lemma subgroup_graph_automorphisms:
  "subgroup {f \<in> Bij (fst G). graph_iso G G f} (BijGroup (fst G))"
proof
  fix f g
  assume "f \<in> {f \<in> Bij (fst G). graph_iso G G f}" "g \<in> {f \<in> Bij (fst G). graph_iso G G f}"
  then show "f \<otimes>\<^bsub>BijGroup (fst G)\<^esub> g \<in> {f \<in> Bij (fst G). graph_iso G G f}"
    using compose_Bij[of f "fst G" g] graph_iso_comp[of G G g G f]
      graph_iso_cong[of G "compose (fst G) f g" "f \<circ> g" G]
    by (auto simp: BijGroup_def compose_def)
next
  fix f
  assume "f \<in> {f \<in> Bij (fst G). graph_iso G G f}"
  then show "inv\<^bsub>BijGroup (fst G)\<^esub> f \<in> {f \<in> Bij (fst G). graph_iso G G f}"
    using graph_iso_inv_into[of G G f] graph_iso_cong[of G "restrict (inv_into (fst G) f) (fst G)"]
    by (auto simp: inv_BijGroup restrict_inv_into_Bij)
next
  show "{f \<in> Bij (fst G). graph_iso G G f} \<subseteq> carrier (BijGroup (fst G))"
    by (simp add: BijGroup_def)
next
  have "graph_iso G G (\<lambda>x. x)"
    by (simp add: graph_iso_def bij_betw_def)
  then show "\<one>\<^bsub>BijGroup (fst G)\<^esub> \<in> {f \<in> Bij (fst G). graph_iso G G f}"
    using graph_iso_cong[of G "\<lambda>x\<in>fst G. x" "\<lambda>x. x" G] by (simp add: BijGroup_def id_Bij)
qed

lemma group_aut_group: "group (aut_group G)"
  unfolding aut_group_def
  by (rule subgroup.subgroup_is_group[OF subgroup_graph_automorphisms group_BijGroup])

lemma aut_group_one: "\<one>\<^bsub>aut_group G\<^esub> = (\<lambda>x\<in>fst G. x)"
  by (simp add: aut_group_def BijGroup_def)

lemma aut_group_apply_in: "f \<in> carrier (aut_group G) \<Longrightarrow> x \<in> fst G \<Longrightarrow> f x \<in> fst G"
  by (auto simp: aut_group_carrier Bij_def dest: bij_betw_apply)

lemma token_graph_vertices: "fst (token_graph k G) = {A. A \<subseteq> fst G \<and> card A = k}"
  by (simp add: token_graph_def)

lemma token_graph_edge_iff:
  assumes "A \<in> fst (token_graph k G)" "B \<in> fst (token_graph k G)"
  shows "{A, B} \<in> snd (token_graph k G) \<longleftrightarrow> (A - B) \<union> (B - A) \<in> snd G"
proof
  assume "{A, B} \<in> snd (token_graph k G)"
  then obtain A' B' where "{A, B} = {A', B'}" "(A' - B') \<union> (B' - A') \<in> snd G"
    by (auto simp: token_graph_def)
  then show "(A - B) \<union> (B - A) \<in> snd G"
    by (auto simp: doubleton_eq_iff Un_commute)
next
  assume "(A - B) \<union> (B - A) \<in> snd G"
  then show "{A, B} \<in> snd (token_graph k G)"
    using assms by (auto simp: token_graph_def)
qed

definition token_aut :: "'a graph \<Rightarrow> nat \<Rightarrow> ('a \<Rightarrow> 'a) \<Rightarrow> 'a set \<Rightarrow> 'a set" where
  "token_aut G k s = (\<lambda>A\<in>fst (token_graph k G). iota s A)"

definition token_compl :: "'a graph \<Rightarrow> nat \<Rightarrow> 'a set \<Rightarrow> 'a set" where
  "token_compl G k = (\<lambda>A\<in>fst (token_graph k G). compl_map G A)"

lemma bij_betw_image_card_subsets:
  assumes "bij_betw f A B"
  shows "bij_betw (image f) {S. S \<subseteq> A \<and> card S = k} {T. T \<subseteq> B \<and> card T = k}"
proof -
  have Pow: "bij_betw (image f) (Pow A) (Pow B)"
    using assms by (rule bij_betw_Pow)
  have card: "card (f ` S) = card S" if "S \<subseteq> A" for S
    using assms that by (meson bij_betw_imp_inj_on card_image inj_on_subset)
  have "image f ` {S. S \<subseteq> A \<and> card S = k} = {T. T \<subseteq> B \<and> card T = k}"
  proof (intro equalityI subsetI)
    fix T
    assume "T \<in> image f ` {S. S \<subseteq> A \<and> card S = k}"
    then obtain S where S: "S \<subseteq> A" "card S = k" "T = f ` S"
      by blast
    then show "T \<in> {T. T \<subseteq> B \<and> card T = k}"
      using card[OF S(1)] image_mono[OF S(1), of f] bij_betw_imp_surj_on[OF assms] by simp
  next
    fix T
    assume T: "T \<in> {T. T \<subseteq> B \<and> card T = k}"
    then have "T \<in> image f ` Pow A"
      using bij_betw_imp_surj_on[OF Pow] by simp
    then obtain S where "S \<subseteq> A" "T = f ` S"
      by blast
    then show "T \<in> image f ` {S. S \<subseteq> A \<and> card S = k}"
      using T card by auto
  qed
  moreover have "inj_on (image f) {S. S \<subseteq> A \<and> card S = k}"
    using bij_betw_imp_inj_on[OF Pow] by (rule inj_on_subset) auto
  ultimately show ?thesis
    by (simp add: bij_betw_def)
qed

lemma graph_iso_image_edge_iff:
  assumes G: "simple_graph G" and H: "simple_graph H" and f: "graph_iso G H f"
    and D: "D \<subseteq> fst G"
  shows "f ` D \<in> snd H \<longleftrightarrow> D \<in> snd G"
proof -
  have edge: "{u, v} \<in> snd G \<longleftrightarrow> {f u, f v} \<in> snd H" if "u \<in> fst G" "v \<in> fst G" for u v
    using f that by (simp add: graph_iso_def)
  have "f ` D \<in> snd H \<longleftrightarrow> D \<in> snd G" if two: "card D = 2"
  proof -
    obtain u v where "D = {u, v}"
      using card_2_iff[THEN iffD1, OF two] by blast
    then show ?thesis
      using edge D by simp
  qed
  moreover have "card (f ` D) = card D"
    using f D unfolding graph_iso_def by (meson bij_betw_imp_inj_on card_image inj_on_subset)
  then have "card D = 2" if "f ` D \<in> snd H \<or> D \<in> snd G"
    using G H that unfolding simple_graph_def by metis
  ultimately show ?thesis
    by blast
qed

lemma token_aut_apply: "A \<in> fst (token_graph k G) \<Longrightarrow> token_aut G k s A = s ` A"
  by (simp add: token_aut_def iota_def)

lemma token_compl_apply: "A \<in> fst (token_graph k G) \<Longrightarrow> token_compl G k A = fst G - A"
  by (simp add: token_compl_def compl_map_def)

lemma token_aut_in_aut_group:
  assumes G: "simple_graph G" and s: "s \<in> carrier (aut_group G)"
  shows "token_aut G k s \<in> carrier (aut_group (token_graph k G))"
proof -
  let ?W = "fst (token_graph k G)"
  have s_bij: "bij_betw s (fst G) (fst G)" and s_iso: "graph_iso G G s"
    using s by (auto simp: aut_group_carrier Bij_def)
  have "bij_betw (image s) ?W ?W"
    using bij_betw_image_card_subsets[OF s_bij] by (simp add: token_graph_vertices)
  then have bij: "bij_betw (token_aut G k s) ?W ?W"
    by (rule bij_betw_cong[THEN iffD1, rotated]) (simp add: token_aut_apply)
  have "{A, B} \<in> snd (token_graph k G) \<longleftrightarrow>
      {token_aut G k s A, token_aut G k s B} \<in> snd (token_graph k G)"
    if A: "A \<in> ?W" and B: "B \<in> ?W" for A B
  proof -
    have AB: "A \<subseteq> fst G" "B \<subseteq> fst G"
      using A B by (auto simp: token_graph_vertices)
    have sAB: "s ` A \<in> ?W" "s ` B \<in> ?W"
      using bij_betw_apply[OF bij] A B by (simp_all add: token_aut_apply)
    have D: "(A - B) \<union> (B - A) \<subseteq> fst G"
      using AB by blast
    have "s ` (A - B) = s ` A - s ` B" "s ` (B - A) = s ` B - s ` A"
      using AB inj_on_image_set_diff[OF bij_betw_imp_inj_on[OF s_bij]] by blast+
    then have image_sym_diff: "s ` ((A - B) \<union> (B - A)) = (s ` A - s ` B) \<union> (s ` B - s ` A)"
      by (simp add: image_Un)
    have "{A, B} \<in> snd (token_graph k G) \<longleftrightarrow> (A - B) \<union> (B - A) \<in> snd G"
      by (rule token_graph_edge_iff[OF A B])
    also have "\<dots> \<longleftrightarrow> s ` ((A - B) \<union> (B - A)) \<in> snd G"
      by (rule graph_iso_image_edge_iff[OF G G s_iso D, symmetric])
    also have "\<dots> \<longleftrightarrow> {s ` A, s ` B} \<in> snd (token_graph k G)"
      unfolding image_sym_diff by (rule token_graph_edge_iff[OF sAB, symmetric])
    finally show ?thesis
      using A B by (simp add: token_aut_apply)
  qed
  then show ?thesis
    using bij by (simp add: aut_group_carrier Bij_def graph_iso_def token_aut_def)
qed

lemma token_aut_hom:
  assumes G: "simple_graph G"
  shows "token_aut G k \<in> hom (aut_group G) (aut_group (token_graph k G))"
proof (rule homI)
  fix s t
  assume s: "s \<in> carrier (aut_group G)" and t: "t \<in> carrier (aut_group G)"
  let ?W = "fst (token_graph k G)"
  have "token_aut G k (compose (fst G) s t) = compose ?W (token_aut G k s) (token_aut G k t)"
  proof (rule extensionalityI[of _ ?W])
    fix A
    assume A: "A \<in> ?W"
    then have "token_aut G k t A \<in> ?W"
      using token_aut_in_aut_group[OF G t] by (rule aut_group_apply_in[rotated])
    then show "token_aut G k (compose (fst G) s t) A = compose ?W (token_aut G k s) (token_aut G k t) A"
      using A by (auto simp: token_aut_apply compose_def token_graph_vertices)
  qed (simp_all add: token_aut_def compose_def)
  then show "token_aut G k (s \<otimes>\<^bsub>aut_group G\<^esub> t) =
      token_aut G k s \<otimes>\<^bsub>aut_group (token_graph k G)\<^esub> token_aut G k t"
    using s t token_aut_in_aut_group[OF G] by simp
qed (rule token_aut_in_aut_group[OF G])
lemma conjugateI:
  assumes "bij_betw \<Phi> U V" and "Vector_Spaces.linear scale_fun scale_fun \<Phi>"
    and "\<And>u. u \<in> U \<Longrightarrow> \<Phi> (A u) = C (\<Phi> u)"
  shows "conjugate U A V C"
proof -
  interpret \<Phi>: Vector_Spaces.linear scale_fun scale_fun \<Phi> by (fact assms(2))
  have "\<Phi> (\<lambda>\<sigma>. x \<sigma> + y \<sigma>) = (\<lambda>\<sigma>. \<Phi> x \<sigma> + \<Phi> y \<sigma>)" for x y
    using \<Phi>.add[of x y] by (simp add: plus_fun_def)
  moreover have "\<Phi> (\<lambda>\<sigma>. a * x \<sigma>) = (\<lambda>\<sigma>. a * \<Phi> x \<sigma>)" for a x
    using \<Phi>.scale[of a x] by (simp add: scale_fun_def)
  ultimately show ?thesis
    using assms(1,3) unfolding conjugate_def by blast
qed

locale finite_adjoint_pair =
  fixes I J :: "'i set" and A At :: "('i \<Rightarrow> real) \<Rightarrow> 'i \<Rightarrow> real"
  assumes finite_I: "finite I" and finite_J: "finite J"
    and linear_A: "Vector_Spaces.linear scale_fun scale_fun A"
    and linear_At: "Vector_Spaces.linear scale_fun scale_fun At"
    and A_into: "A x \<in> supported_on J"
    and At_into: "At y \<in> supported_on I"
    and adjoint: "inner_on J (A x) y = inner_on I x (At y)"
begin

interpretation A: Vector_Spaces.linear scale_fun scale_fun A by (fact linear_A)
interpretation At: Vector_Spaces.linear scale_fun scale_fun At by (fact linear_At)

lemma swap: "finite_adjoint_pair J I At A"
  by (rule finite_adjoint_pair.intro[OF finite_J finite_I linear_At linear_A At_into A_into])
    (metis adjoint inner_on_commute)

lemma image_A_inter_kernel_At:
  assumes "u \<in> A ` supported_on I" and "At u = 0"
  shows "u = 0"
proof -
  obtain x where "u = A x"
    using assms(1) by blast
  then have "inner_on J u u = 0"
    using adjoint[of x u] assms(2) by (simp add: inner_on_commute)
  then show ?thesis
    using inner_on_self_eq_0[OF finite_J] A_into \<open>u = A x\<close> by blast
qed

lemma inj_on_At_image_A: "inj_on At (A ` supported_on I)"
  using At.inj_on_iff_eq_0[OF A.subspace_image[OF subspace_supported_on]]
    image_A_inter_kernel_At by blast

lemma At_image_A: "At ` A ` supported_on I = At ` supported_on J"
proof -
  let ?V = "At ` supported_on J"
  have V_I: "?V \<subseteq> supported_on I"
    using At_into by blast
  have "inj_on (At \<circ> A) ?V"
  proof (rule comp_inj_on)
    show "inj_on A ?V"
      by (rule finite_adjoint_pair.inj_on_At_image_A[OF swap])
    show "inj_on At (A ` ?V)"
      using inj_on_At_image_A by (rule inj_on_subset) (use V_I in blast)
  qed
  moreover have "(At \<circ> A) ` ?V \<subseteq> ?V"
    using A_into by auto
  ultimately have "(At \<circ> A) ` ?V = ?V"
    using fun_space.inj_on_endomorphism_imp_surj_on[OF At.subspace_image[OF subspace_supported_on]
        subset_trans[OF V_I supported_on_subset_span[OF finite_I]] finite_imageI[OF finite_I]
        Vector_Spaces.linear_compose[OF linear_A linear_At]]
    by blast
  then have "?V = At ` A ` ?V"
    by (simp add: image_comp)
  also have "\<dots> \<subseteq> At ` A ` supported_on I"
    using V_I by (intro image_mono)
  finally have "?V \<subseteq> At ` A ` supported_on I" .
  moreover have "At ` A ` supported_on I \<subseteq> ?V"
    using A_into by (intro image_mono) blast
  ultimately show ?thesis
    by (rule subset_antisym[rotated])
qed

lemma bij_betw_At_image_A: "bij_betw At (A ` supported_on I) (At ` supported_on J)"
  by (simp add: bij_betw_def inj_on_At_image_A At_image_A)

lemma orth_proj_on_image_At:
  assumes "z \<in> supported_on I"
  shows "orth_proj_on I (At ` supported_on J) z \<in> At ` supported_on J"
    and "A (orth_proj_on I (At ` supported_on J) z) = A z"
proof -
  let ?V = "At ` supported_on J"
  obtain p where p: "p \<in> ?V" "A p = A z"
    using finite_adjoint_pair.At_image_A[OF swap] assms by (metis imageE imageI)
  have "\<forall>w\<in>?V. inner_on I (z - p) w = 0"
  proof
    fix w assume "w \<in> ?V"
    then obtain t where "w = At t"
      by blast
    moreover have "A (z - p) = 0"
      using A.diff[of z p] p(2) by simp
    ultimately show "inner_on I (z - p) w = 0"
      using adjoint[of "z - p" t] by simp
  qed
  then have "orth_proj_on I ?V z = p"
    using orth_proj_on_eqI[OF finite_I At.subspace_image[OF subspace_supported_on] _ p(1)] At_into
    by blast
  then show "orth_proj_on I ?V z \<in> ?V" and "A (orth_proj_on I ?V z) = A z"
    using p by simp_all
qed

lemma linear_inverse_on_image_At:
  obtains g where "bij_betw g (A ` supported_on I) (At ` supported_on J)"
    and "Vector_Spaces.linear scale_fun scale_fun g"
    and "\<And>v. v \<in> At ` supported_on J \<Longrightarrow> g (A v) = v"
proof -
  let ?V = "At ` supported_on J"
  interpret vector_space_pair scale_fun scale_fun ..
  have span_V: "fun_space.span ?V = ?V"
    using At.subspace_image[OF subspace_supported_on] by simp
  obtain g where g: "Vector_Spaces.linear scale_fun scale_fun g" and g_A: "\<forall>v\<in>?V. g (A v) = v"
    using linear_inj_on_left_inverse[OF linear_A, of ?V]
      finite_adjoint_pair.inj_on_At_image_A[OF swap] span_V
    by auto
  have "bij_betw g (A ` ?V) ?V"
    using g_A by (auto intro!: bij_betw_byWitness[where f' = A])
  then have "bij_betw g (A ` supported_on I) ?V"
    using finite_adjoint_pair.At_image_A[OF swap] by simp
  then show thesis
    using that g g_A by blast
qed

end

lemma conjugate_by_adjoint:
  assumes "finite_adjoint_pair I J A At"
  shows "conjugate (A ` supported_on I) (\<lambda>\<theta>. A (F (At \<theta>)))
           (At ` supported_on J) (\<lambda>x. At (A (F x)))"
  using conjugateI[OF finite_adjoint_pair.bij_betw_At_image_A finite_adjoint_pair.linear_At] assms
  by simp

lemma conjugate_by_inverse:
  assumes "finite_adjoint_pair I J A At" and F: "\<forall>x\<in>supported_on I. F x \<in> supported_on I"
  shows "conjugate (A ` supported_on I) (\<lambda>\<theta>. A (F (At \<theta>))) (At ` supported_on J)
           (\<lambda>y. orth_proj_on I (At ` supported_on J) (F (At (A y))))"
proof -
  interpret finite_adjoint_pair I J A At by fact
  obtain g where g: "bij_betw g (A ` supported_on I) (At ` supported_on J)"
    "Vector_Spaces.linear scale_fun scale_fun g"
    and g_A: "\<And>v. v \<in> At ` supported_on J \<Longrightarrow> g (A v) = v"
    using linear_inverse_on_image_At by blast
  show ?thesis
  proof (rule conjugateI[OF g])
    fix u assume "u \<in> A ` supported_on I"
    then obtain v where v: "v \<in> At ` supported_on J" "u = A v"
      using finite_adjoint_pair.At_image_A[OF swap] by (metis imageE)
    define z where "z = F (At u)"
    have "z \<in> supported_on I"
      using F At_into z_def by blast
    then have "g (A z) = orth_proj_on I (At ` supported_on J) z"
      using g_A orth_proj_on_image_At by metis
    then show "g (A (F (At u))) = orth_proj_on I (At ` supported_on J) (F (At (A (g u))))"
      using g_A v z_def by simp
  qed
qed

lemma finite_simplicial_complex: "simplicial_complex n X \<Longrightarrow> finite X"
  unfolding simplicial_complex_def by (rule finite_subset[of X "Pow {1..n}"]) auto

lemma chains_eq_supported_on: "chains X k = supported_on (simp X k)"
  by (simp add: chains_def supported_on_def)

lemma orth_proj_eq_orth_proj_on: "orth_proj X k = orth_proj_on (simp X k)"
  by (intro ext) (simp add: orth_proj_def orth_proj_on_def chain_inner_def inner_on_def fun_diff_def)

lemma linear_bnd: "Vector_Spaces.linear scale_fun scale_fun (bnd X k)"
  unfolding Vector_Spaces.linear_iff
  by (auto simp: fun_space.vector_space_axioms bnd_def scale_fun_def fun_eq_iff sum.distrib
      distrib_left sum_distrib_left mult.left_commute)

lemma linear_cobnd: "Vector_Spaces.linear scale_fun scale_fun (cobnd X k)"
  unfolding Vector_Spaces.linear_iff
  by (auto simp: fun_space.vector_space_axioms cobnd_def scale_fun_def fun_eq_iff sum.distrib
      distrib_left sum_distrib_left mult.left_commute)

lemma inner_on_bnd_cobnd:
  "inner_on (simp X k) (bnd X (Suc k) x) y = inner_on (simp X (Suc k)) x (cobnd X (Suc k) y)"
proof -
  have faces: "{\<tau>\<in>X. Suc (card \<tau>) = Suc k} = simp X k"
    by (auto simp: simp_def)
  have "inner_on (simp X k) (bnd X (Suc k) x) y
      = (\<Sum>\<tau>\<in>simp X k. \<Sum>\<sigma>\<in>simp X (Suc k). incidence \<tau> \<sigma> * x \<sigma> * y \<tau>)"
    unfolding inner_on_def bnd_def
    by (intro sum.cong refl) (auto simp: simp_def sum_distrib_right)
  also have "\<dots> = (\<Sum>\<sigma>\<in>simp X (Suc k). \<Sum>\<tau>\<in>simp X k. incidence \<tau> \<sigma> * x \<sigma> * y \<tau>)"
    by (rule sum.swap)
  also have "\<dots> = inner_on (simp X (Suc k)) x (cobnd X (Suc k) y)"
    unfolding inner_on_def cobnd_def faces
    by (intro sum.cong refl) (auto simp: simp_def sum_distrib_left mult_ac)
  finally show ?thesis .
qed

lemma finite_adjoint_pair_boundary:
  assumes "simplicial_complex n X"
  shows "finite_adjoint_pair (simp X (Suc k)) (simp X k) (bnd X (Suc k)) (cobnd X (Suc k))"
  by (rule finite_adjoint_pair.intro[OF _ _ linear_bnd linear_cobnd _ _ inner_on_bnd_cobnd])
    (use finite_simplicial_complex[OF assms] in \<open>auto simp: simp_def supported_on_def bnd_def cobnd_def\<close>)

theorem mainTheorem10:
  fixes n d :: nat and X :: "nat set set"
    and F H :: "(nat set \<Rightarrow> real) \<Rightarrow> (nat set \<Rightarrow> real)"
  assumes X: "simplicial_complex n X"
    and F: "\<forall>x\<in>chains X (d+2). F x \<in> chains X (d+2)"
    and H: "\<forall>x\<in>chains X d. H x \<in> chains X d"
  shows
    "conjugate (bnd X (d+2) ` chains X (d+2)) (\<lambda>\<theta>. bnd X (d+2) (F (cobnd X (d+2) \<theta>)))
               (cobnd X (d+2) ` chains X (d+1)) (\<lambda>x. cobnd X (d+2) (bnd X (d+2) (F x)))
   \<and> conjugate (bnd X (d+2) ` chains X (d+2)) (\<lambda>\<theta>. bnd X (d+2) (F (cobnd X (d+2) \<theta>)))
               (cobnd X (d+2) ` chains X (d+1))
               (\<lambda>y. orth_proj X (d+2) (cobnd X (d+2) ` chains X (d+1))
                      (F (cobnd X (d+2) (bnd X (d+2) y))))
   \<and> conjugate (cobnd X (d+1) ` chains X d) (\<lambda>\<theta>. cobnd X (d+1) (H (bnd X (d+1) \<theta>)))
               (bnd X (d+1) ` chains X (d+1)) (\<lambda>x. bnd X (d+1) (cobnd X (d+1) (H x)))
   \<and> conjugate (cobnd X (d+1) ` chains X d) (\<lambda>\<theta>. cobnd X (d+1) (H (bnd X (d+1) \<theta>)))
               (bnd X (d+1) ` chains X (d+1))
               (\<lambda>y. orth_proj X d (bnd X (d+1) ` chains X (d+1))
                      (H (bnd X (d+1) (cobnd X (d+1) y))))"
proof -
  have B: "finite_adjoint_pair (simp X (d+2)) (simp X (d+1)) (bnd X (d+2)) (cobnd X (d+2))"
    using finite_adjoint_pair_boundary[OF X, of "d+1"] by (simp add: numeral_2_eq_2)
  have B': "finite_adjoint_pair (simp X d) (simp X (d+1)) (cobnd X (d+1)) (bnd X (d+1))"
    using finite_adjoint_pair.swap[OF finite_adjoint_pair_boundary[OF X, of d]] by simp
  show ?thesis
    using F H conjugate_by_adjoint[OF B] conjugate_by_inverse[OF B]
      conjugate_by_adjoint[OF B'] conjugate_by_inverse[OF B']
    unfolding chains_eq_supported_on orth_proj_eq_orth_proj_on by blast
qed

end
::::::::::
■ Work order
Go over the data and return every line that includes the word "also".

■ Answer for this exercise
    also have "\<dots> \<longleftrightarrow> s ` ((A - B) \<union> (B - A)) \<in> snd G"
    also have "\<dots> \<longleftrightarrow> {s ` A, s ` B} \<in> snd (token_graph k G)"
  also have "\<dots> \<subseteq> At ` A ` supported_on I"
  also have "\<dots> = (\<Sum>\<sigma>\<in>simp X (Suc k). \<Sum>\<tau>\<in>simp X k. incidence \<tau> \<sigma> * x \<sigma> * y \<tau>)"
  also have "\<dots> = inner_on (simp X (Suc k)) x (cobnd X (Suc k) y)"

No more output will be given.